=== Section Start ===
lemma branch_point_dist:
  assumes "\<sigma> \<in> {-1, 1}" "0 \<le> a" "a \<le> 1/10" "0 \<le> b" "b \<le> 1/10"
  shows "norm (branch_point \<sigma> a - branch_point \<sigma> b) \<le> 2 * \<bar>a - b\<bar>"
proof -
  have "norm (branch_point \<sigma> a - branch_point \<sigma> b) \<le> \<bar>b - a\<bar> + \<bar>branch_height a - branch_height b\<bar>"
    using assms(1) norm_Pair_le[of "b - a" "\<sigma> * (branch_height a - branch_height b)"]
    by (auto simp: branch_point_def right_diff_distrib)
  also have "\<dots> \<le> \<bar>a - b\<bar> + 3/5 * \<bar>a - b\<bar>"
    using branch_height_lipschitz[OF assms(2-)] by (simp add: abs_minus_commute)
  also have "\<dots> \<le> 2 * \<bar>a - b\<bar>" by simp
  finally show ?thesis .
qed

lemma branch_point_zero: "branch_point \<sigma> 0 = (0, 0)"
  by (simp add: branch_point_def branch_height_def)

lemma branch_param_zero: "branch_param \<sigma> 0 = 0"
  by (simp add: branch_param_def branch_mult_def branch_height_def)

lemma S9_near_origin_lipschitz:
  assumes x: "x \<in> S9 p1" "norm x < 1/10" and p2: "\<bar>p2\<bar> < 1/20"
  shows "\<exists>y \<in> S9 p2. norm (x - y) \<le> 4 * \<bar>p1 - p2\<bar>"
  using x
proof (cases rule: S9_near_origin_cases)
  case 1
  have "norm (x - (min p2 0, 0)) \<le> 4 * \<bar>p1 - p2\<bar>" using 1 by (auto simp: min_def)
  then show ?thesis using min_zero_mem_S9 by blast
next
  case (2 \<sigma> a)
  have "- 1/20 < min p2 0" "min p2 0 \<le> 0" using p2 by auto
  then obtain c where c: "0 \<le> c" "c \<le> 1/10" "branch_param \<sigma> c = min p2 0"
    by (rule branch_param_surj[OF 2(1)])
  have "norm (x - branch_point \<sigma> c) \<le> 2 * \<bar>a - c\<bar>"
    using branch_point_dist[OF 2(1), of a c] 2 c by auto
  also have "\<dots> \<le> 4 * \<bar>p1 - min p2 0\<bar>"
    using branch_param_inverse_lipschitz[OF 2(1), of a c] 2 c by auto
  also have "\<dots> \<le> 4 * \<bar>p1 - p2\<bar>"
    using branch_param_bounds(2)[OF 2(1), of a] 2 by (auto simp: min_def)
  finally have "norm (x - branch_point \<sigma> c) \<le> 4 * \<bar>p1 - p2\<bar>" .
  moreover have "branch_point \<sigma> c \<in> S9 p2"
  proof (cases "p2 < 0")
    case True then show ?thesis using branch_point_mem_S9[OF 2(1), of c] c by simp
  next
    case False
    then have "c = 0"
      using branch_param_inverse_lipschitz[OF 2(1) c(1,2), of 0] c by (simp add: branch_param_zero)
    then show ?thesis using min_zero_mem_S9[of p2] False by (simp add: branch_point_zero)
  qed
  ultimately show ?thesis by blast
qed
(* Let $\boldsymbol{R}=[r_{ij}]\in\mathbb{C}^{N\times N}$ be Hermitian and $2N$-dominant, i.e. $r_{ii}\ge 2N\sum_{j\ne i}|r_{ij}|$ for all $i$. Define $\delta_1=0$ and $\delta_k=\sum_{i=1}^{k-1}|r_{ki}|$ for $k=2,\ldots,N$; define $a_k=2\delta_k+4\sum_{i=1}^{N-k}\delta_{k+i}$ for $k=1,\ldots,N-1$ and $a_N=2\delta_N$; and let $\overline{\boldsymbol{R}}=\boldsymbol{R}-\mathrm{Diag}(\boldsymbol{R})+\mathrm{diag}(a_1,\ldots,a_N)$. Let $\boldsymbol{g}\in\Omega^N$ be the output of the greedy method: $\boldsymbol{g}(1)=1$ and, for $k=1,\ldots,N-1$, $\boldsymbol{g}(k+1)$ is a maximizer over $x\in\Omega$ of $[\boldsymbol{g}(1),\ldots,\boldsymbol{g}(k),x]^H\boldsymbol{R}_{k+1}[\boldsymbol{g}(1),\ldots,\boldsymbol{g}(k),x]$. Then $\mathrm{Tr}(\overline{\boldsymbol{R}})\le\mathrm{Tr}(\boldsymbol{R})$ and \[ \boldsymbol{g}^H\boldsymbol{R}\boldsymbol{g}\ \ge\ \Big(1-\frac{1}{e}+\frac{1}{e}\cdot\frac{1}{2N+1}\Big)\max_{\boldsymbol{s}\in\Omega^N}\boldsymbol{s}^H\boldsymbol{R}\boldsymbol{s}. \]
   Context: $\Omega=\{x\in\mathbb{C}:|x|=1\}$. $\boldsymbol{R}_m$ denotes the principal submatrix of $\boldsymbol{R}$ formed by its first $m$ rows and first $m$ columns, and $[c_1,\ldots,c_m]$ denotes the column vector with entries $c_1,\ldots,c_m$. A square matrix $[r_{ij}]_{N\times N}$ is $M$-dominant if $r_{ii}\ge M\sum_{j=1,j\ne i}^N|r_{ij}|$ for all $i$. $\mathrm{Diag}(\boldsymbol{R})$ is the diagonal matrix with the diagonal of $\boldsymbol{R}$; $\mathrm{diag}(a_1,\ldots,a_N)$ is the diagonal matrix with entries $a_1,\ldots,a_N$. $\mathrm{Tr}$ is the trace. Empty sums are zero. *)

theory Defs
  imports "HOL-Analysis.Analysis"
begin

text \<open>Matrices/vectors of size N are functions on nat indexed by 1..N
  (entries outside {1..N} are irrelevant).\<close>

definition Omega :: "complex set" where
  "Omega = {x. cmod x = 1}"

definition hermitian :: "nat \<Rightarrow> (nat \<Rightarrow> nat \<Rightarrow> complex) \<Rightarrow> bool" where
  "hermitian N R \<longleftrightarrow> (\<forall>i\<in>{1..N}. \<forall>j\<in>{1..N}. R i j = cnj (R j i))"

text \<open>M-dominant: r_ii >= M * sum_{j /= i} |r_ij| (r_ii is real for Hermitian R;
  the comparison is on its real part).\<close>
definition dominant :: "real \<Rightarrow> nat \<Rightarrow> (nat \<Rightarrow> nat \<Rightarrow> complex) \<Rightarrow> bool" where
  "dominant M N R \<longleftrightarrow>
     (\<forall>i\<in>{1..N}. Re (R i i) \<ge> M * (\<Sum>j\<in>{1..N}-{i}. cmod (R i j)))"

definition quad_form :: "nat \<Rightarrow> (nat \<Rightarrow> nat \<Rightarrow> complex) \<Rightarrow> (nat \<Rightarrow> complex) \<Rightarrow> complex" where
  "quad_form m R s = (\<Sum>i=1..m. \<Sum>j=1..m. cnj (s i) * R i j * s j)"

definition delta :: "(nat \<Rightarrow> nat \<Rightarrow> complex) \<Rightarrow> nat \<Rightarrow> real" where
  "delta R k = (\<Sum>i=1..k-1. cmod (R k i))"

definition a_coef :: "nat \<Rightarrow> (nat \<Rightarrow> nat \<Rightarrow> complex) \<Rightarrow> nat \<Rightarrow> real" where
  "a_coef N R k = 2 * delta R k + 4 * (\<Sum>i=1..N-k. delta R (k+i))"

definition Rbar :: "nat \<Rightarrow> (nat \<Rightarrow> nat \<Rightarrow> complex) \<Rightarrow> nat \<Rightarrow> nat \<Rightarrow> complex" where
  "Rbar N R i j = R i j - (if i = j then R i i else 0) + (if i = j then complex_of_real (a_coef N R i) else 0)"

definition mtrace :: "nat \<Rightarrow> (nat \<Rightarrow> nat \<Rightarrow> complex) \<Rightarrow> complex" where
  "mtrace N R = (\<Sum>i=1..N. R i i)"

definition greedy_output :: "nat \<Rightarrow> (nat \<Rightarrow> nat \<Rightarrow> complex) \<Rightarrow> (nat \<Rightarrow> complex) \<Rightarrow> bool" where
  "greedy_output N R g \<longleftrightarrow> g 1 = 1 \<and>
     (\<forall>k\<in>{1..N-1}. g (k+1) \<in> Omega \<and>
        (\<forall>x\<in>Omega. Re (quad_form (k+1) R (g(k+1 := x))) \<le> Re (quad_form (k+1) R g)))"

end

theory Submission
  imports Defs
begin

text \<open>Let D be the trace and Off the total off-diagonal mass of R; dominance gives D \<ge> 2 N Off.
  For unimodular s the value s^H R s differs from D by at most Off. For N \<ge> 3 the worst
  value D - Off is already at least the claimed fraction of the best conceivable value D + Off;
  for N \<le> 2 the greedy vector is exactly optimal, since quadratic forms are invariant under a
  common phase. For the trace, a_k is bounded by four times the sum of the delta_j, and for
  Hermitian R that sum is Off / 2.\<close>

lemma quad_form_cong:
  "(\<And>i. i \<in> {1..m} \<Longrightarrow> s i = t i) \<Longrightarrow> quad_form m R s = quad_form m R t"
  unfolding quad_form_def by (intro sum.cong refl) auto

lemma cnj_mult_self_Omega: "x \<in> Omega \<Longrightarrow> cnj x * x = 1"
  unfolding Omega_def by (simp add: complex_norm_square[symmetric] mult.commute)

lemma quad_form_rotate:
  assumes "c \<in> Omega"
  shows "quad_form m R (\<lambda>i. c * s i) = quad_form m R s"
proof -
  have "quad_form m R (\<lambda>i. c * s i) = (cnj c * c) * quad_form m R s"
    unfolding quad_form_def by (simp add: sum_distrib_left algebra_simps)
  then show ?thesis using cnj_mult_self_Omega[OF assms] by simp
qed

lemma quad_form_unimodular_bound:
  assumes "\<forall>i\<in>{1..N}. s i \<in> Omega"
  shows "\<bar>Re (quad_form N R s) - (\<Sum>i=1..N. Re (R i i))\<bar>
     \<le> (\<Sum>i=1..N. \<Sum>j\<in>{1..N}-{i}. cmod (R i j))"
proof -
  let ?off = "\<Sum>i=1..N. \<Sum>j\<in>{1..N}-{i}. cnj (s i) * R i j * s j"
  have "quad_form N R s = (\<Sum>i=1..N. cnj (s i) * R i i * s i) + ?off"
    unfolding quad_form_def sum.distrib[symmetric]
    by (rule sum.cong) (auto simp: sum.remove)
  also have "(\<Sum>i=1..N. cnj (s i) * R i i * s i) = (\<Sum>i=1..N. R i i)"
    using assms cnj_mult_self_Omega by (intro sum.cong) (auto simp: algebra_simps)
  finally have "Re (quad_form N R s) - (\<Sum>i=1..N. Re (R i i)) = Re ?off"
    by (simp add: Re_sum)
  also have "\<bar>Re ?off\<bar> \<le> cmod ?off"
    by (rule abs_Re_le_cmod)
  also have "\<dots> \<le> (\<Sum>i=1..N. \<Sum>j\<in>{1..N}-{i}. cmod (cnj (s i) * R i j * s j))"
    by (rule order_trans[OF norm_sum sum_mono]) (rule norm_sum)
  also have "\<dots> = (\<Sum>i=1..N. \<Sum>j\<in>{1..N}-{i}. cmod (R i j))"
    using assms by (intro sum.cong refl) (auto simp: norm_mult Omega_def)
  finally show ?thesis .
qed

lemma dominant_diag_ge_offdiag:
  assumes "dominant M N R"
  shows "M * (\<Sum>i=1..N. \<Sum>j\<in>{1..N}-{i}. cmod (R i j)) \<le> (\<Sum>i=1..N. Re (R i i))"
  using assms unfolding dominant_def sum_distrib_left by (intro sum_mono) auto

lemma greedy_output_Omega:
  assumes "greedy_output N R g" and "i \<in> {1..N}"
  shows "g i \<in> Omega"
proof (cases "i = 1")
  case True
  then show ?thesis using assms(1) by (simp add: greedy_output_def Omega_def)
next
  case False
  then have "i - 1 \<in> {1..N-1}" and "i - 1 + 1 = i" using assms(2) by auto
  then show ?thesis using assms(1) unfolding greedy_output_def by metis
qed

lemma greedy_output_optimal_small:
  assumes "greedy_output N R g" and "1 \<le> N" "N \<le> 2" and "\<forall>i\<in>{1..N}. s i \<in> Omega"
  shows "Re (quad_form N R s) \<le> Re (quad_form N R g)"
proof -
  define t where "t i = cnj (s 1) * s i" for i
  have s1: "s 1 \<in> Omega" using assms(2,4) by auto
  then have t1: "t 1 = 1" unfolding t_def by (rule cnj_mult_self_Omega)
  have "cnj (s 1) \<in> Omega" using s1 by (simp add: Omega_def)
  then have qt: "quad_form N R t = quad_form N R s"
    unfolding t_def by (rule quad_form_rotate)
  have g1: "g 1 = 1" using assms(1) by (simp add: greedy_output_def)
  show ?thesis
  proof (cases "N = 1")
    case True
    then have "quad_form N R t = quad_form N R g"
      using t1 g1 by (intro quad_form_cong) auto
    then show ?thesis using qt by simp
  next
    case False
    then have N2: "N = 2" using assms(2,3) by simp
    have "t 2 \<in> Omega" using assms(4) s1 N2 by (simp add: t_def Omega_def norm_mult)
    moreover have "1 \<in> {1..N-1}" using N2 by simp
    then have "\<forall>x\<in>Omega. Re (quad_form (1+1) R (g(1+1 := x))) \<le> Re (quad_form (1+1) R g)"
      using assms(1) unfolding greedy_output_def by blast
    ultimately have "Re (quad_form 2 R (g(2 := t 2))) \<le> Re (quad_form 2 R g)"
      unfolding one_add_one by blast
    moreover have "quad_form 2 R t = quad_form 2 R (g(2 := t 2))"
    proof (rule quad_form_cong)
      fix i :: nat assume "i \<in> {1..2}"
      then have "i = 1 \<or> i = 2" by auto
      then show "t i = (g(2 := t 2)) i" using t1 g1 by auto
    qed
    ultimately show ?thesis using qt N2 by simp
  qed
qed

lemma hermitian_offdiag_sum_eq_twice_delta_sum:
  assumes "hermitian N R"
  shows "(\<Sum>i=1..N. \<Sum>j\<in>{1..N}-{i}. cmod (R i j)) = 2 * (\<Sum>k=1..N. delta R k)"
proof -
  let ?low = "\<Sum>i=1..N. \<Sum>j\<in>{j\<in>{1..N}. j < i}. cmod (R i j)"
  let ?up = "\<Sum>i=1..N. \<Sum>j\<in>{j\<in>{1..N}. i < j}. cmod (R i j)"
  have split: "{1..N} - {i} = {j\<in>{1..N}. j < i} \<union> {j\<in>{1..N}. i < j}" for i
    by auto
  have "(\<Sum>i=1..N. \<Sum>j\<in>{1..N}-{i}. cmod (R i j)) = ?low + ?up"
    unfolding split sum.distrib[symmetric]
    by (intro sum.cong refl sum.union_disjoint) auto
  moreover have "?low = (\<Sum>k=1..N. delta R k)"
    unfolding delta_def
  proof (rule sum.cong[OF refl])
    fix i assume "i \<in> {1..N}"
    then have "{j\<in>{1..N}. j < i} = {1..i-1}" by auto
    then show "(\<Sum>j\<in>{j\<in>{1..N}. j < i}. cmod (R i j)) = (\<Sum>j=1..i-1. cmod (R i j))"
      by simp
  qed
  moreover have "?up = ?low"
  proof -
    have "?up = (\<Sum>j=1..N. \<Sum>i\<in>{i\<in>{1..N}. i < j}. cmod (R i j))"
      by (rule sum.swap_restrict) simp_all
    also have "\<dots> = ?low"
      using assms unfolding hermitian_def
      by (intro sum.cong refl) (metis (no_types, lifting) complex_mod_cnj mem_Collect_eq)
    finally show ?thesis .
  qed
  ultimately show ?thesis by simp
qed

lemma a_coef_le_delta_sum:
  assumes "k \<in> {1..N}"
  shows "a_coef N R k \<le> 4 * (\<Sum>j=1..N. delta R j)"
proof -
  have delta_nonneg: "0 \<le> delta R j" for j
    unfolding delta_def by (intro sum_nonneg) auto
  have "(\<Sum>i=1..N-k. delta R (k+i)) = sum (delta R) ((+) k ` {1..N-k})"
    by (subst sum.reindex) auto
  moreover have "delta R k + sum (delta R) ((+) k ` {1..N-k})
      = sum (delta R) (insert k ((+) k ` {1..N-k}))"
    by simp
  moreover have "\<dots> \<le> (\<Sum>j=1..N. delta R j)"
    using assms by (intro sum_mono2) (auto simp: delta_nonneg)
  ultimately show ?thesis
    unfolding a_coef_def using delta_nonneg[of k] by linarith
qed

lemma trace_Rbar_le_trace:
  assumes "hermitian N R" and "dominant (2 * real N) N R"
  shows "Re (mtrace N (Rbar N R)) \<le> Re (mtrace N R)"
proof -
  have "Re (mtrace N (Rbar N R)) = (\<Sum>k=1..N. a_coef N R k)"
    unfolding mtrace_def Rbar_def by (simp add: Re_sum)
  also have "\<dots> \<le> (\<Sum>k=1..N. 4 * (\<Sum>j=1..N. delta R j))"
    by (intro sum_mono a_coef_le_delta_sum)
  also have "\<dots> = 2 * real N * (\<Sum>i=1..N. \<Sum>j\<in>{1..N}-{i}. cmod (R i j))"
    unfolding hermitian_offdiag_sum_eq_twice_delta_sum[OF assms(1)] by simp
  also have "\<dots> \<le> Re (mtrace N R)"
    using dominant_diag_ge_offdiag[OF assms(2)] by (simp add: mtrace_def Re_sum)
  finally show ?thesis .
qed

lemma approx_ratio_bounds:
  fixes n :: real
  assumes "0 \<le> n"
  shows "0 \<le> 1 - 1 / exp 1 + (1 / exp 1) * (1 / (2 * n + 1))"
    and "1 - 1 / exp 1 + (1 / exp 1) * (1 / (2 * n + 1)) \<le> 1"
proof -
  have u: "0 \<le> 1 / exp (1::real)" "1 / exp (1::real) \<le> 1"
    by (auto simp: field_simps)
  have v: "0 \<le> 1 / (2 * n + 1)" "1 / (2 * n + 1) \<le> 1"
    using assms by (auto simp: field_simps)
  have "(1 / exp 1) * (1 / (2 * n + 1)) \<le> 1 / exp 1"
    by (rule mult_left_le[OF v(2) u(1)])
  moreover have "0 \<le> (1 / exp 1) * (1 / (2 * n + 1))"
    using u v by simp
  ultimately show "0 \<le> 1 - 1 / exp 1 + (1 / exp 1) * (1 / (2 * n + 1))"
    and "1 - 1 / exp 1 + (1 / exp 1) * (1 / (2 * n + 1)) \<le> 1"
    using u by linarith+
qed

text \<open>The argument uses e \<le> 3 \<le> n; for n = 2 the inequality is false.\<close>
lemma approx_ratio_dominant:
  fixes n d off :: real
  assumes "3 \<le> n" and "0 \<le> off" and "2 * n * off \<le> d"
  shows "(1 - 1 / exp 1 + (1 / exp 1) * (1 / (2 * n + 1))) * (d + off) \<le> d - off"
proof -
  define u where "u = 1 / exp (1::real)"
  have "1 \<le> u * n"
    using exp_le assms(1) unfolding u_def by (simp add: field_simps)
  have pos: "0 < 2 * n + 1" using assms(1) by simp
  have "(2 * n + 1) * off \<le> d + off" using assms(3) by (simp add: algebra_simps)
  then have "off \<le> (d + off) / (2 * n + 1)" using pos by (simp add: field_simps)
  then have "u * (2 * n) * off \<le> u * (2 * n) * ((d + off) / (2 * n + 1))"
    using assms(1) by (intro mult_left_mono) (auto simp: u_def)
  moreover have "2 * off \<le> u * (2 * n) * off"
    using mult_right_mono[OF \<open>1 \<le> u * n\<close> assms(2)] by (simp add: algebra_simps)
  moreover have "d - off - (1 - u + u * (1 / (2 * n + 1))) * (d + off)
      = u * (2 * n) * ((d + off) / (2 * n + 1)) - 2 * off"
    using pos by (simp add: field_simps)
  ultimately show ?thesis unfolding u_def by linarith
qed

theorem proposition2:
  fixes N :: nat and R :: "nat \<Rightarrow> nat \<Rightarrow> complex" and g :: "nat \<Rightarrow> complex"
  assumes "N \<ge> 1"
    and "hermitian N R"
    and "dominant (2 * real N) N R"
    and "greedy_output N R g"
  shows "Re (mtrace N (Rbar N R)) \<le> Re (mtrace N R)
    \<and> Re (quad_form N R g) \<ge>
        (1 - 1 / exp 1 + (1 / exp 1) * (1 / (2 * real N + 1)))
        * (SUP s\<in>{s. \<forall>i\<in>{1..N}. s i \<in> Omega}. Re (quad_form N R s))"
proof -
  define D where "D = (\<Sum>i=1..N. Re (R i i))"
  define Off where "Off = (\<Sum>i=1..N. \<Sum>j\<in>{1..N}-{i}. cmod (R i j))"
  define c where "c = 1 - 1 / exp 1 + (1 / exp 1) * (1 / (2 * real N + 1))"
  let ?S = "{s. \<forall>i\<in>{1..N}. s i \<in> Omega}"
  have Off_nonneg: "0 \<le> Off" unfolding Off_def by (intro sum_nonneg) auto
  have D_ge: "2 * real N * Off \<le> D"
    using dominant_diag_ge_offdiag[OF assms(3)] unfolding D_def Off_def .
  have near_D: "\<bar>Re (quad_form N R s) - D\<bar> \<le> Off" if "s \<in> ?S" for s
    using that unfolding D_def Off_def by (intro quad_form_unimodular_bound) simp
  have g: "g \<in> ?S" using greedy_output_Omega[OF assms(4)] by blast
  then have g_ge: "D - Off \<le> Re (quad_form N R g)"
    using near_D by fastforce
  have c: "0 \<le> c" "c \<le> 1" unfolding c_def using approx_ratio_bounds[of "real N"] by auto
  have "c * (SUP s\<in>?S. Re (quad_form N R s)) \<le> Re (quad_form N R g)"
  proof (cases "N \<le> 2")
    case True
    have "(SUP s\<in>?S. Re (quad_form N R s)) \<le> Re (quad_form N R g)"
      using g greedy_output_optimal_small[OF assms(4,1) True] by (intro cSUP_least) blast+
    then have "c * (SUP s\<in>?S. Re (quad_form N R s)) \<le> c * Re (quad_form N R g)"
      using c by (intro mult_left_mono)
    moreover have "Off \<le> 2 * real N * Off"
      using mult_right_mono[of 1 "2 * real N" Off] assms(1) Off_nonneg by simp
    then have "0 \<le> Re (quad_form N R g)" using g_ge D_ge by linarith
    then have "c * Re (quad_form N R g) \<le> Re (quad_form N R g)"
      using c by (intro mult_left_le_one_le)
    ultimately show ?thesis by linarith
  next
    case False
    have "(SUP s\<in>?S. Re (quad_form N R s)) \<le> D + Off"
    proof (rule cSUP_least)
      show "?S \<noteq> {}" using g by blast
      show "Re (quad_form N R s) \<le> D + Off" if "s \<in> ?S" for s
        using near_D[OF that] by linarith
    qed
    then have "c * (SUP s\<in>?S. Re (quad_form N R s)) \<le> c * (D + Off)"
      using c by (intro mult_left_mono)
    also have "\<dots> \<le> D - Off"
      using False approx_ratio_dominant[OF _ Off_nonneg D_ge] unfolding c_def by simp
    finally show ?thesis using g_ge by linarith
  qed
  then show ?thesis
    using trace_Rbar_le_trace[OF assms(2,3)] unfolding c_def by blast
qed

end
=== Section End ===
Your goal: All lines of the material that contain the string "metis" are to be copied.

Exercise result:
  then show ?thesis using assms(1) unfolding greedy_output_def by metis
      by (intro sum.cong refl) (metis (no_types, lifting) complex_mod_cnj mem_Collect_eq)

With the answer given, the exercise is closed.